* [Exercise objective]: Print out each record, keeping it identical to the original.

☆ ☆ ☆ ☆ ☆ ☆ ☆

lemma expectation_add_edges_pochhammer:
  assumes "\<forall>e\<in>#E. fst e < k" and "j < k"
  shows "measure_pmf.expectation (add_edges k E i) (\<lambda>E'. pochhammer (real (outdeg E' j) + 1) r)
         = pochhammer (real (outdeg E j) + 1) r
           * pochhammer (real (size E + k) + real r) i / pochhammer (real (size E + k)) i"
proof (induction i)
  case 0
  then show ?case by simp
next
  case (Suc i)
  define S where "S = real (size E + k)"
  have k_pos: "0 < k" using assms(2) by simp
  have "measure_pmf.expectation (add_edges k E (Suc i)) (\<lambda>E'. pochhammer (real (outdeg E' j) + 1) r)
      = measure_pmf.expectation (add_edges k E i) (\<lambda>E''. measure_pmf.expectation (choose_parent k E'')
          (\<lambda>v. pochhammer (real (outdeg (add_mset (v, k) E'') j) + 1) r))"
    by (simp only: add_edges.simps, subst expectation_bind_pmf_finite)
       (simp_all add: finite_set_pmf_add_edges[OF k_pos] set_pmf_choose_parent[OF k_pos])
  also have "\<dots> = measure_pmf.expectation (add_edges k E i)
      (\<lambda>E''. pochhammer (real (outdeg E'' j) + 1) r * ((S + real i + real r) / (S + real i)))"
  proof (rule expectation_cong_set_pmf)
    fix E'' assume "E'' \<in> set_pmf (add_edges k E i)"
    with set_pmf_add_edges[OF k_pos] obtain A
      where "E'' = E + A" "size A = i" "\<forall>e\<in>#A. fst e < k \<and> snd e = k"
      by blast
    then have E''_parents: "\<forall>e\<in>#E''. fst e < k" and E''_weight: "real (size E'' + k) = S + real i"
      using assms(1) by (auto simp: S_def)
    then show "measure_pmf.expectation (choose_parent k E'')
          (\<lambda>v. pochhammer (real (outdeg (add_mset (v, k) E'') j) + 1) r)
        = pochhammer (real (outdeg E'' j) + 1) r * ((S + real i + real r) / (S + real i))"
      by (simp only: expectation_choose_parent_pochhammer[OF E''_parents assms(2)] E''_weight) simp
  qed
  also have "\<dots> = measure_pmf.expectation (add_edges k E i) (\<lambda>E''. pochhammer (real (outdeg E'' j) + 1) r)
      * ((S + real i + real r) / (S + real i))"
    by simp
  also have "\<dots> = pochhammer (real (outdeg E j) + 1) r
      * pochhammer (S + real r) (Suc i) / pochhammer S (Suc i)"
  proof -
    have "S + real i > 0" and "pochhammer S i > 0"
      using k_pos by (auto simp: S_def intro!: pochhammer_pos)
    then show ?thesis
      using Suc.IH[folded S_def] by (simp add: pochhammer_Suc add_ac)
  qed
  finally show ?case by (simp add: S_def)
qed

lemma finite_set_pmf_pac: "finite (set_pmf (pac m n))"
  by (induction n) (auto simp: finite_set_pmf_add_edges)
(* For every odd $k\ge 13$, the set $AP_{3k,k}$ contains an ascending partition $\mathcal P$ with $\mathrm{slack}(\mathcal P)\ge 0$ that is non-equitable; and for every odd $k\ge 21$, the set $AP_{3k-1,k}$ contains an ascending partition $\mathcal P$ with $\mathrm{slack}(\mathcal P)\ge 0$ that is non-equitable.
   Context: $[n]=\{1,\ldots,n\}$ and $s^{n,k}=\frac{n(n+1)}{2k}$. An ascending partition of $n$ of size $k$ is a sequence of positive integers $[p_1,\ldots,p_k]$ with $p_1\le\cdots\le p_k$ and $\sum_i p_i=n$; $AP_{n,k}$ is the set of all such partitions when $s^{n,k}$ is an integer (and empty otherwise). $\mathcal P$ is equitable if $[n]$ can be partitioned into sets $A_1,\dots,A_k$ with $|A_i|=p_i$ all having the same element sum. For $j=1,\ldots,k$, $\mathrm{slack}_j(\mathcal P)=\sum_{i=1}^{p_1+\cdots+p_j}(n-i+1)-j\,s^{n,k}$, and $\mathrm{slack}(\mathcal P)=\min_{1\le j\le k-1}\mathrm{slack}_j(\mathcal P)$. *)

theory Defs
  imports Complex_Main
begin

definition s_val :: "nat \<Rightarrow> nat \<Rightarrow> rat" where
  "s_val n k = of_nat (n * (n + 1)) / of_nat (2 * k)"

definition AP :: "nat \<Rightarrow> nat \<Rightarrow> nat list set" where
  "AP n k = (if s_val n k \<in> \<int> then
      {P. length P = k \<and> sorted P \<and> (\<forall>x\<in>set P. 0 < x) \<and> sum_list P = n}
    else {})"

definition equitable :: "nat \<Rightarrow> nat list \<Rightarrow> bool" where
  "equitable n P = (\<exists>A :: nat \<Rightarrow> nat set.
      (\<Union>i<length P. A i) = {1..n} \<and>
      (\<forall>i<length P. \<forall>j<length P. i \<noteq> j \<longrightarrow> A i \<inter> A j = {}) \<and>
      (\<forall>i<length P. card (A i) = P ! i) \<and>
      (\<forall>i<length P. \<forall>j<length P. \<Sum>(A i) = \<Sum>(A j)))"

definition slack_j :: "nat \<Rightarrow> nat list \<Rightarrow> nat \<Rightarrow> rat" where
  "slack_j n P j = (\<Sum>i=1..sum_list (take j P). (of_nat n - of_nat i + 1))
                    - of_nat j * s_val n (length P)"

definition slack :: "nat \<Rightarrow> nat list \<Rightarrow> rat" where
  "slack n P = Min ((slack_j n P) ` {1..length P - 1})"

end

theory Submission
  imports Defs
begin

text \<open>All witnesses consist of \<open>m\<close> parts 2, \<open>t\<close> parts 3, \<open>b\<close> parts 7 and at most
  one larger part, with common part sum \<open>S = n (n + 1) / (2 k)\<close>.

  Non-equitability is a counting argument: a 2-set \<open>{x, y} \<subseteq> [n]\<close> with \<open>x + y = S\<close> lies in
  the top interval \<open>{S - n..n}\<close>, and a 3-set with sum \<open>S\<close> meets it as soon as
  \<open>3 (S - n) < S + 6\<close>. Hence an equitable split needs \<open>2 m + t\<close> distinct elements of that
  interval, and the witnesses are chosen to have one too few.

  Nonnegative slack: along a block of equal parts \<open>p\<close>, \<open>slack\<^sub>j\<close> is a concave quadratic
  function of \<open>j\<close> (leading coefficient \<open>-p\<^sup>2/2\<close>), so it suffices to check it at the block
  boundaries; at \<open>j = k\<close> it vanishes.\<close>

definition top_sum :: "nat \<Rightarrow> nat \<Rightarrow> rat" where
  "top_sum n L = (\<Sum>i=1..L. of_nat n - of_nat i + 1)"

lemma top_sum_closed: "top_sum n L = of_nat L * of_nat n - of_nat L * (of_nat L - 1) / 2"
  by (induction L) (simp_all add: top_sum_def field_simps)

lemma top_sum_self: "top_sum n n = of_nat n * (of_nat n + 1) / 2"
  by (simp add: top_sum_closed field_simps)

text \<open>\<open>slack_j\<close> with the average part sum \<open>s\<close> decoupled from \<open>length P\<close>, so that \<open>P\<close> can
  be built up block by block.\<close>
definition prefix_excess :: "nat \<Rightarrow> rat \<Rightarrow> nat list \<Rightarrow> nat \<Rightarrow> rat" where
  "prefix_excess n s P j = top_sum n (sum_list (take j P)) - of_nat j * s"

lemma slack_j_eq_prefix_excess: "slack_j n P j = prefix_excess n (s_val n (length P)) P j"
  by (simp add: slack_j_def prefix_excess_def top_sum_def)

☆ ☆ ☆ ☆ ☆ ☆ ☆

* [Task solution]:
lemma expectation_add_edges_pochhammer:
  assumes "\<forall>e\<in>#E. fst e < k" and "j < k"
  shows "measure_pmf.expectation (add_edges k E i) (\<lambda>E'. pochhammer (real (outdeg E' j) + 1) r)
         = pochhammer (real (outdeg E j) + 1) r
           * pochhammer (real (size E + k) + real r) i / pochhammer (real (size E + k)) i"
proof (induction i)
  case 0
  then show ?case by simp
next
  case (Suc i)
  define S where "S = real (size E + k)"
  have k_pos: "0 < k" using assms(2) by simp
  have "measure_pmf.expectation (add_edges k E (Suc i)) (\<lambda>E'. pochhammer (real (outdeg E' j) + 1) r)
      = measure_pmf.expectation (add_edges k E i) (\<lambda>E''. measure_pmf.expectation (choose_parent k E'')
          (\<lambda>v. pochhammer (real (outdeg (add_mset (v, k) E'') j) + 1) r))"
    by (simp only: add_edges.simps, subst expectation_bind_pmf_finite)
       (simp_all add: finite_set_pmf_add_edges[OF k_pos] set_pmf_choose_parent[OF k_pos])
  also have "\<dots> = measure_pmf.expectation (add_edges k E i)
      (\<lambda>E''. pochhammer (real (outdeg E'' j) + 1) r * ((S + real i + real r) / (S + real i)))"
  proof (rule expectation_cong_set_pmf)
    fix E'' assume "E'' \<in> set_pmf (add_edges k E i)"
    with set_pmf_add_edges[OF k_pos] obtain A
      where "E'' = E + A" "size A = i" "\<forall>e\<in>#A. fst e < k \<and> snd e = k"
      by blast
    then have E''_parents: "\<forall>e\<in>#E''. fst e < k" and E''_weight: "real (size E'' + k) = S + real i"
      using assms(1) by (auto simp: S_def)
    then show "measure_pmf.expectation (choose_parent k E'')
          (\<lambda>v. pochhammer (real (outdeg (add_mset (v, k) E'') j) + 1) r)
        = pochhammer (real (outdeg E'' j) + 1) r * ((S + real i + real r) / (S + real i))"
      by (simp only: expectation_choose_parent_pochhammer[OF E''_parents assms(2)] E''_weight) simp
  qed
  also have "\<dots> = measure_pmf.expectation (add_edges k E i) (\<lambda>E''. pochhammer (real (outdeg E'' j) + 1) r)
      * ((S + real i + real r) / (S + real i))"
    by simp
  also have "\<dots> = pochhammer (real (outdeg E j) + 1) r
      * pochhammer (S + real r) (Suc i) / pochhammer S (Suc i)"
  proof -
    have "S + real i > 0" and "pochhammer S i > 0"
      using k_pos by (auto simp: S_def intro!: pochhammer_pos)
    then show ?thesis
      using Suc.IH[folded S_def] by (simp add: pochhammer_Suc add_ac)
  qed
  finally show ?case by (simp add: S_def)
qed

lemma finite_set_pmf_pac: "finite (set_pmf (pac m n))"
  by (induction n) (auto simp: finite_set_pmf_add_edges)
(* For every odd $k\ge 13$, the set $AP_{3k,k}$ contains an ascending partition $\mathcal P$ with $\mathrm{slack}(\mathcal P)\ge 0$ that is non-equitable; and for every odd $k\ge 21$, the set $AP_{3k-1,k}$ contains an ascending partition $\mathcal P$ with $\mathrm{slack}(\mathcal P)\ge 0$ that is non-equitable.
   Context: $[n]=\{1,\ldots,n\}$ and $s^{n,k}=\frac{n(n+1)}{2k}$. An ascending partition of $n$ of size $k$ is a sequence of positive integers $[p_1,\ldots,p_k]$ with $p_1\le\cdots\le p_k$ and $\sum_i p_i=n$; $AP_{n,k}$ is the set of all such partitions when $s^{n,k}$ is an integer (and empty otherwise). $\mathcal P$ is equitable if $[n]$ can be partitioned into sets $A_1,\dots,A_k$ with $|A_i|=p_i$ all having the same element sum. For $j=1,\ldots,k$, $\mathrm{slack}_j(\mathcal P)=\sum_{i=1}^{p_1+\cdots+p_j}(n-i+1)-j\,s^{n,k}$, and $\mathrm{slack}(\mathcal P)=\min_{1\le j\le k-1}\mathrm{slack}_j(\mathcal P)$. *)

theory Defs
  imports Complex_Main
begin

definition s_val :: "nat \<Rightarrow> nat \<Rightarrow> rat" where
  "s_val n k = of_nat (n * (n + 1)) / of_nat (2 * k)"

definition AP :: "nat \<Rightarrow> nat \<Rightarrow> nat list set" where
  "AP n k = (if s_val n k \<in> \<int> then
      {P. length P = k \<and> sorted P \<and> (\<forall>x\<in>set P. 0 < x) \<and> sum_list P = n}
    else {})"

definition equitable :: "nat \<Rightarrow> nat list \<Rightarrow> bool" where
  "equitable n P = (\<exists>A :: nat \<Rightarrow> nat set.
      (\<Union>i<length P. A i) = {1..n} \<and>
      (\<forall>i<length P. \<forall>j<length P. i \<noteq> j \<longrightarrow> A i \<inter> A j = {}) \<and>
      (\<forall>i<length P. card (A i) = P ! i) \<and>
      (\<forall>i<length P. \<forall>j<length P. \<Sum>(A i) = \<Sum>(A j)))"

definition slack_j :: "nat \<Rightarrow> nat list \<Rightarrow> nat \<Rightarrow> rat" where
  "slack_j n P j = (\<Sum>i=1..sum_list (take j P). (of_nat n - of_nat i + 1))
                    - of_nat j * s_val n (length P)"

definition slack :: "nat \<Rightarrow> nat list \<Rightarrow> rat" where
  "slack n P = Min ((slack_j n P) ` {1..length P - 1})"

end

theory Submission
  imports Defs
begin

text \<open>All witnesses consist of \<open>m\<close> parts 2, \<open>t\<close> parts 3, \<open>b\<close> parts 7 and at most
  one larger part, with common part sum \<open>S = n (n + 1) / (2 k)\<close>.

  Non-equitability is a counting argument: a 2-set \<open>{x, y} \<subseteq> [n]\<close> with \<open>x + y = S\<close> lies in
  the top interval \<open>{S - n..n}\<close>, and a 3-set with sum \<open>S\<close> meets it as soon as
  \<open>3 (S - n) < S + 6\<close>. Hence an equitable split needs \<open>2 m + t\<close> distinct elements of that
  interval, and the witnesses are chosen to have one too few.

  Nonnegative slack: along a block of equal parts \<open>p\<close>, \<open>slack\<^sub>j\<close> is a concave quadratic
  function of \<open>j\<close> (leading coefficient \<open>-p\<^sup>2/2\<close>), so it suffices to check it at the block
  boundaries; at \<open>j = k\<close> it vanishes.\<close>

definition top_sum :: "nat \<Rightarrow> nat \<Rightarrow> rat" where
  "top_sum n L = (\<Sum>i=1..L. of_nat n - of_nat i + 1)"

lemma top_sum_closed: "top_sum n L = of_nat L * of_nat n - of_nat L * (of_nat L - 1) / 2"
  by (induction L) (simp_all add: top_sum_def field_simps)

lemma top_sum_self: "top_sum n n = of_nat n * (of_nat n + 1) / 2"
  by (simp add: top_sum_closed field_simps)

text \<open>\<open>slack_j\<close> with the average part sum \<open>s\<close> decoupled from \<open>length P\<close>, so that \<open>P\<close> can
  be built up block by block.\<close>
definition prefix_excess :: "nat \<Rightarrow> rat \<Rightarrow> nat list \<Rightarrow> nat \<Rightarrow> rat" where
  "prefix_excess n s P j = top_sum n (sum_list (take j P)) - of_nat j * s"

lemma slack_j_eq_prefix_excess: "slack_j n P j = prefix_excess n (s_val n (length P)) P j"
  by (simp add: slack_j_def prefix_excess_def top_sum_def)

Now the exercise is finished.